In the context of this project a dataset means a set of `(protein sequence, thermostability)` pairs. 
For a given protein sequence there may be multiple thermostability value measurements as given by the FLIP dataset.

## Read FLIP dataset
The source of the dataset file `full_dataset_sequences.fasta` is [here](https://github.com/J-SNACKKB/FLIP/tree/main/splits/meltome).

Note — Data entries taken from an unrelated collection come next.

lemma helly:
  assumes "finite \<F>" "\<F> \<noteq> {}" "\<forall>A\<in>\<F>. geod_closed E A" "\<forall>A\<in>\<F>. \<forall>B\<in>\<F>. A \<inter> B \<noteq> {}"
  shows "\<Inter>\<F> \<noteq> {}"
  using assms
proof (induction "card \<F>" arbitrary: \<F> rule: less_induct)
  case less
  then obtain A where A: "A \<in> \<F>" by blast
  show ?case
  proof (cases "\<F> = {A}")
    case True
    then show ?thesis using less.prems(4) by auto
  next
    case False
    let ?G = "(\<inter>) A ` (\<F> - {A})"
    have card: "card ?G < card \<F>"
      using card_image_le[OF finite_Diff[OF less.prems(1)], of "(\<inter>) A" "{A}"]
        card_Diff1_less[OF less.prems(1) A] by (rule le_less_trans)
    have nonempty: "\<F> - {A} \<noteq> {}" using False A by blast
    have closed: "\<forall>B\<in>?G. geod_closed E B" using less.prems(3) A by (auto intro: geod_closed_Int)
    have meet: "\<forall>B\<in>?G. \<forall>C\<in>?G. B \<inter> C \<noteq> {}"
    proof (intro ballI)
      fix B' C' assume "B' \<in> ?G" "C' \<in> ?G"
      then obtain B C where BC: "B \<in> \<F>" "C \<in> \<F>" "B' = A \<inter> B" "C' = A \<inter> C" by blast
      have "A \<inter> B \<noteq> {}" "B \<inter> C \<noteq> {}" "A \<inter> C \<noteq> {}" using less.prems(4) A BC(1,2) by auto
      then obtain a b c where abc: "a \<in> A \<inter> B" "b \<in> B \<inter> C" "c \<in> A \<inter> C" by blast
      have "geod_closed E A" "geod_closed E B" "geod_closed E C" using less.prems(3) A BC(1,2) by auto
      then have "median a b c \<in> A \<inter> B \<inter> C"
        using median_in_interval[of a b c] abc unfolding geod_closed_iff by blast
      then show "B' \<inter> C' \<noteq> {}" using BC(3,4) by blast
    qed
    have "\<Inter>?G \<noteq> {}"
      using less.hyps[OF card _ _ closed meet] less.prems(1) nonempty by simp
    moreover have "\<Inter>?G = A \<inter> \<Inter>(\<F> - {A})" using nonempty by blast
    moreover have "A \<inter> \<Inter>(\<F> - {A}) = \<Inter>\<F>" using A by blast
    ultimately show ?thesis by simp
  qed
qed
lemma graph_iso_via_inv:
  assumes iso: "graph_iso_via p q A B" and A: "ends_in_verts A"
  shows "graph_iso_via (the_inv_into (verts A) p) (the_inv_into (edges A) q) B A"
proof -
  have p: "bij_betw p (verts A) (verts B)" and q: "bij_betw q (edges A) (edges B)"
    and ends_q: "\<forall>e\<in>edges A. ends B (q e) = p ` ends A e"
    using iso by (simp_all add: graph_iso_via_def)
  have "ends A (the_inv_into (edges A) q e') = the_inv_into (verts A) p ` ends B e'"
    if e': "e' \<in> edges B" for e'
  proof -
    obtain e where e: "e \<in> edges A" "e' = q e" using q e' unfolding bij_betw_def by blast
    have "ends A e \<subseteq> verts A" using A e(1) unfolding ends_in_verts_def by blast
    then have "the_inv_into (verts A) p ` p ` ends A e = ends A e"
      by (rule the_inv_into_image_image[OF bij_betw_imp_inj_on[OF p]])
    moreover have "the_inv_into (edges A) q e' = e"
      unfolding e(2) using bij_betw_imp_inj_on[OF q] e(1) by (rule the_inv_into_f_f)
    ultimately show ?thesis using ends_q e by simp
  qed
  then show ?thesis
    using bij_betw_the_inv_into[OF p] bij_betw_the_inv_into[OF q] unfolding graph_iso_via_def by blast
qed

lemma graph_iso_sym: "graph_iso A B \<Longrightarrow> ends_in_verts A \<Longrightarrow> graph_iso B A"
  by (meson graph_iso_iff_via graph_iso_via_inv)

lemma graph_iso_via_comp:
  assumes "graph_iso_via p q A B" "graph_iso_via p' q' B C"
  shows "graph_iso_via (p' \<circ> p) (q' \<circ> q) A C"
proof -
  have p: "bij_betw p (verts A) (verts B)" and q: "bij_betw q (edges A) (edges B)"
    and ends_q: "\<forall>e\<in>edges A. ends B (q e) = p ` ends A e"
    and p': "bij_betw p' (verts B) (verts C)" and q': "bij_betw q' (edges B) (edges C)"
    and ends_q': "\<forall>e\<in>edges B. ends C (q' e) = p' ` ends B e"
    using assms by (simp_all add: graph_iso_via_def)
  have "ends C (q' (q e)) = p' ` p ` ends A e" if e: "e \<in> edges A" for e
    using ends_q e ends_q' bij_betw_apply[OF q e] by simp
  then show ?thesis
    using bij_betw_trans[OF p p'] bij_betw_trans[OF q q'] by (simp add: graph_iso_via_def image_comp)
qed

lemma graph_iso_trans: "graph_iso A B \<Longrightarrow> graph_iso B C \<Longrightarrow> graph_iso A C"
  by (meson graph_iso_iff_via graph_iso_via_comp)

lemma graph_iso_ends_in_verts:
  assumes "graph_iso A B" "ends_in_verts A"
  shows "ends_in_verts B"
proof -
  obtain p q where p: "p ` verts A = verts B" and q: "q ` edges A = edges B"
    and ends_q: "\<forall>e\<in>edges A. ends B (q e) = p ` ends A e"
    using assms(1) by (auto simp: graph_iso_def bij_betw_def)
  show ?thesis
    unfolding ends_in_verts_def
  proof
    fix e' assume "e' \<in> edges B"
    then obtain e where "e \<in> edges A" "e' = q e" using q by blast
    then show "ends B e' \<subseteq> verts B"
      using ends_q assms(2) p by (force simp: ends_in_verts_def)
  qed
qed

lemma ex_nat_graph_iso:
  fixes H :: "('w, 'f) mgraph"
  assumes "is_graph H"
  obtains Hn :: "(nat, nat) mgraph" where "is_graph Hn" "graph_iso H Hn"
proof -
  have fin: "finite (verts H)" "finite (edges H)" using assms by (simp_all add: is_graph_def)
  obtain f :: "'w \<Rightarrow> nat" where f: "inj_on f (verts H)"
    using finite_imp_inj_to_nat_seg[OF fin(1)] by blast
  obtain g :: "'f \<Rightarrow> nat" where g: "inj_on g (edges H)"
    using finite_imp_inj_to_nat_seg[OF fin(2)] by blast
  define Hn :: "(nat, nat) mgraph" where
    "Hn = \<lparr>verts = f ` verts H, edges = g ` edges H,
           ends = (\<lambda>x. f ` ends H (the_inv_into (edges H) g x))\<rparr>"
  have ends_g: "\<forall>e\<in>edges H. ends Hn (g e) = f ` ends H e"
    using g by (simp add: Hn_def the_inv_into_f_f)
  then have iso: "graph_iso_via f g H Hn"
    using f g by (simp add: graph_iso_via_def Hn_def bij_betw_def)
  moreover have "is_graph Hn"
    unfolding is_graph_def
  proof (intro conjI ballI)
    show "finite (verts Hn)" "finite (edges Hn)" "verts Hn \<noteq> {}"
      using fin assms by (simp_all add: Hn_def is_graph_def)
    fix x assume "x \<in> edges Hn"
    then obtain e where e: "e \<in> edges H" "x = g e" by (auto simp: Hn_def)
    then have "ends H e \<subseteq> verts H" "card (ends H e) = 2" using assms by (simp_all add: is_graph_def)
    then show "ends Hn x \<subseteq> verts Hn" "card (ends Hn x) = 2"
      using ends_g e card_image[OF inj_on_subset[OF f]] by (auto simp: Hn_def)
  qed
  ultimately show ?thesis using that graph_iso_iff_via by blast
qed

section \<open>Minor operations and isomorphisms\<close>

lemma minor_step_ends_in_verts: "minor_step H H' \<Longrightarrow> ends_in_verts H \<Longrightarrow> ends_in_verts H'"
  by (induction rule: minor_step.induct)
    (fastforce simp: ends_in_verts_def isolated_def del_vertex_def del_edge_def contract_def)+
definition unitary_dvd :: "nat \<Rightarrow> nat \<Rightarrow> bool" where
  "unitary_dvd d n \<longleftrightarrow> d dvd n \<and> coprime d (n div d)"

definition unitary_gcd :: "nat \<Rightarrow> nat \<Rightarrow> nat" where
  "unitary_gcd j n = Max {d. d dvd j \<and> unitary_dvd d n}"

definition unitary_cyclotomic :: "nat \<Rightarrow> complex poly" where
  "unitary_cyclotomic n =
     (\<Prod>j\<in>{j. 1 \<le> j \<and> j \<le> n \<and> unitary_gcd j n = 1}.
        [:- exp (2 * of_real pi * \<i> * of_nat j / of_nat n), 1:])"

definition kappa :: "nat \<Rightarrow> nat" where
  "kappa n = \<Prod>(prime_factors n)"

definition height :: "complex poly \<Rightarrow> real" where
  "height f = Max {norm (coeff f i) | i. i \<le> degree f}"

end

theory Submission
  imports Defs "HOL-Analysis.Complex_Transcendental"
begin

(*
  Write n as a product of pairwise coprime prime powers q_1, ..., q_r.  A unitary divisor of n is a
  product of some of the q_i, so (j, n)_* = 1 exactly when no q_i divides j, and Phi*_n is the product
  of x - zeta_n^j over 1 <= j <= n with no q_i dividing j.  The product over the multiples of a
  divisor a of n is x^(n/a) - 1, so Phi*_1 = x - 1, Phi*_q = (x^q - 1)/(x - 1) = 1 + x + ... + x^(q-1),
  and for n = ab with coprime prime powers a, b inclusion-exclusion gives
    Phi*_n (x^a - 1)(x^b - 1) = (x^(ab) - 1)(x - 1).
  Multiplying by the geometric sums of x^a (b terms) and of x^b (a terms) turns this into
    Phi*_n (x^(ab) - 1) = (x - 1) H,   H = sum of x^(ai + bk) over i < b, k < a.
  Coprimality makes these exponents distinct, so H has 0/1 coefficients, and since deg Phi*_n < ab each
  coefficient of Phi*_n is a difference of two consecutive coefficients of H.
*)

section \<open>Unitary divisors\<close>

lemma unitary_dvd_prime_power:
  assumes "prime p" "n \<noteq> 0"
  shows "unitary_dvd (p ^ multiplicity p n) n"
proof -
  have "\<not> p dvd n div p ^ multiplicity p n"
    using assms multiplicity_decompose[of n p] not_prime_unit[of p] by blast
  then have "coprime p (n div p ^ multiplicity p n)"
    using assms(1) by (simp add: prime_imp_coprime)
  then show ?thesis
    unfolding unitary_dvd_def by (simp add: multiplicity_dvd)
qed

lemma prime_power_dvd_if_unitary_dvd:
  assumes "unitary_dvd d n" "n \<noteq> 0" "prime p" "p dvd d"
  shows "p ^ multiplicity p n dvd d"
proof -
  define e where "e = n div d"
  have n: "n = d * e" and "coprime d e"
    using assms(1) by (auto simp: unitary_dvd_def e_def)
  then have "\<not> p dvd e"
    using coprime_common_divisor[of d e p] assms(3,4) not_prime_unit by blast
  then have "multiplicity p n = multiplicity p d"
    using n assms(2,3) by (simp add: prime_elem_multiplicity_mult_distrib not_dvd_imp_multiplicity_0)
  then show ?thesis
    by (simp add: multiplicity_dvd)
qed

lemma unitary_gcd_eq_1_iff:
  assumes "n > 0"
  shows "unitary_gcd j n = 1 \<longleftrightarrow> (\<forall>p\<in>prime_factors n. \<not> p ^ multiplicity p n dvd j)"
proof -
  let ?D = "{d. d dvd j \<and> unitary_dvd d n}"
  have "finite ?D"
    by (rule finite_subset[of _ "{d. d dvd n}"]) (use assms in \<open>auto simp: unitary_dvd_def\<close>)
  moreover have "1 \<in> ?D"
    by (simp add: unitary_dvd_def)
  ultimately have "unitary_gcd j n = 1 \<longleftrightarrow> (\<forall>d\<in>?D. d \<le> 1)"
    unfolding unitary_gcd_def by (metis (no_types, lifting) Max_ge Max_in empty_iff le_antisym)
  also have "\<dots> \<longleftrightarrow> (\<forall>p\<in>prime_factors n. \<not> p ^ multiplicity p n dvd j)"
  proof
    assume small: "\<forall>d\<in>?D. d \<le> 1"
    show "\<forall>p\<in>prime_factors n. \<not> p ^ multiplicity p n dvd j"
    proof (intro ballI notI)
      fix p assume p: "p \<in> prime_factors n" and "p ^ multiplicity p n dvd j"
      then have "p ^ multiplicity p n \<in> ?D"
        using assms unitary_dvd_prime_power[of p n] by auto
      with small have "p ^ multiplicity p n \<le> 1"
        by blast
      moreover have "1 < p ^ multiplicity p n"
        using p assms prime_gt_1_nat[of p]
        by (intro one_less_power) (auto simp: prime_factors_multiplicity)
      ultimately show False
        by simp
    qed
  next
    assume no_power: "\<forall>p\<in>prime_factors n. \<not> p ^ multiplicity p n dvd j"
    show "\<forall>d\<in>?D. d \<le> 1"
    proof (rule ccontr)
      assume "\<not> (\<forall>d\<in>?D. d \<le> 1)"
      then obtain d where d: "d dvd j" "unitary_dvd d n" "d \<noteq> 1"
        by auto
      then obtain p where p: "prime p" "p dvd d"
        using prime_factor_nat by blast
      with d(2) assms have "p \<in> prime_factors n"
        by (auto simp: unitary_dvd_def in_prime_factors_iff intro: dvd_trans)
      moreover have "p ^ multiplicity p n dvd j"
        using prime_power_dvd_if_unitary_dvd[OF d(2) _ p] assms d(1) by (auto intro: dvd_trans)
      ultimately show False
        using no_power by blast
    qed
  qed
  finally show ?thesis .
qed

lemma prime_factors_kappa: "prime_factors (kappa n) = prime_factors n"
proof -
  have "prime_factors ` prime_factors n = (\<lambda>p. {p}) ` prime_factors n"
    by (rule image_cong[OF refl]) (meson in_prime_factors_imp_prime prime_prime_factors)
  then show ?thesis
    unfolding kappa_def using prime_factors_prod[of "prime_factors n" "\<lambda>p. p"] by simp
qed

Among other information it contains protein sequences and corresponding thermostability (melting point) measurements.

In [None]:
def read_fasta(filepath='../data/full_dataset_sequences.fasta'):
    first = True
    max =0
    dataset = []
    with open(filepath) as fasta:
        for line in fasta:
            if line[0] == '>':
                if first:
                    first = False
                else:
                    dataset.append(entry)
                entry = {}
                header_tokens = line.split(' ')
                entry['id'] = header_tokens[0].replace('>','').split('_')[0]
                entry['header'] = line.replace('\n', '')
                entry['temp'] = float(header_tokens[1].split('=')[1].replace('\n',''))
                entry['sequence'] = ''
            else:
                entry['sequence'] = entry['sequence'] + line.replace('\n','')
                max = len(entry['sequence']) if len(entry['sequence'])> max else max
    
    return dataset

flip_dataset = read_fasta()

## Read ESM validation protein ids
ESM validation protein ids are those Uniref50 cluster representative protein ids that were held out during training of ESM2 and ESMFold. 
As we are basically doing transfer learning on top of the ESMFold outputs, we also use these as a validation set, avoiding any potential data leakage due to ESMFold having seen proteins during training that we are using during validation. 
More info and a download link can be found [here](https://github.com/facebookresearch/esm#pre-training-dataset-split--) .


In [None]:
esm_eval_ids = set()
with open('../data/uniref201803_ur50_valid_headers.txt') as txt_file:
    for line in txt_file:
        id = line.split('_')[1].replace('\n','')
        esm_eval_ids.add(id)

## Create validation dataset and unfiltered train ids set

In [None]:
eval_dataset = []
train_unfiltered_dataset = []
train_ids = set()
all_ids = set()
dataset = read_fasta()
for entry in dataset:
    seq = entry['sequence']
    id = entry["id"]
    all_ids.add(id)
    if id in esm_eval_ids:
        eval_dataset.append(entry)
    else: 
        train_unfiltered_dataset.append(entry)
        train_ids.add(id)

## Filter train dataset by cluster
To avoid any similar protein sequences being present in our train and validation, we filter our train set to only contain proteins that are not part of the same cluster as proteins in our validation set, based on the [FLIP clustering](https://github.com/J-SNACKKB/FLIP/blob/main/splits/meltome/splits.zip)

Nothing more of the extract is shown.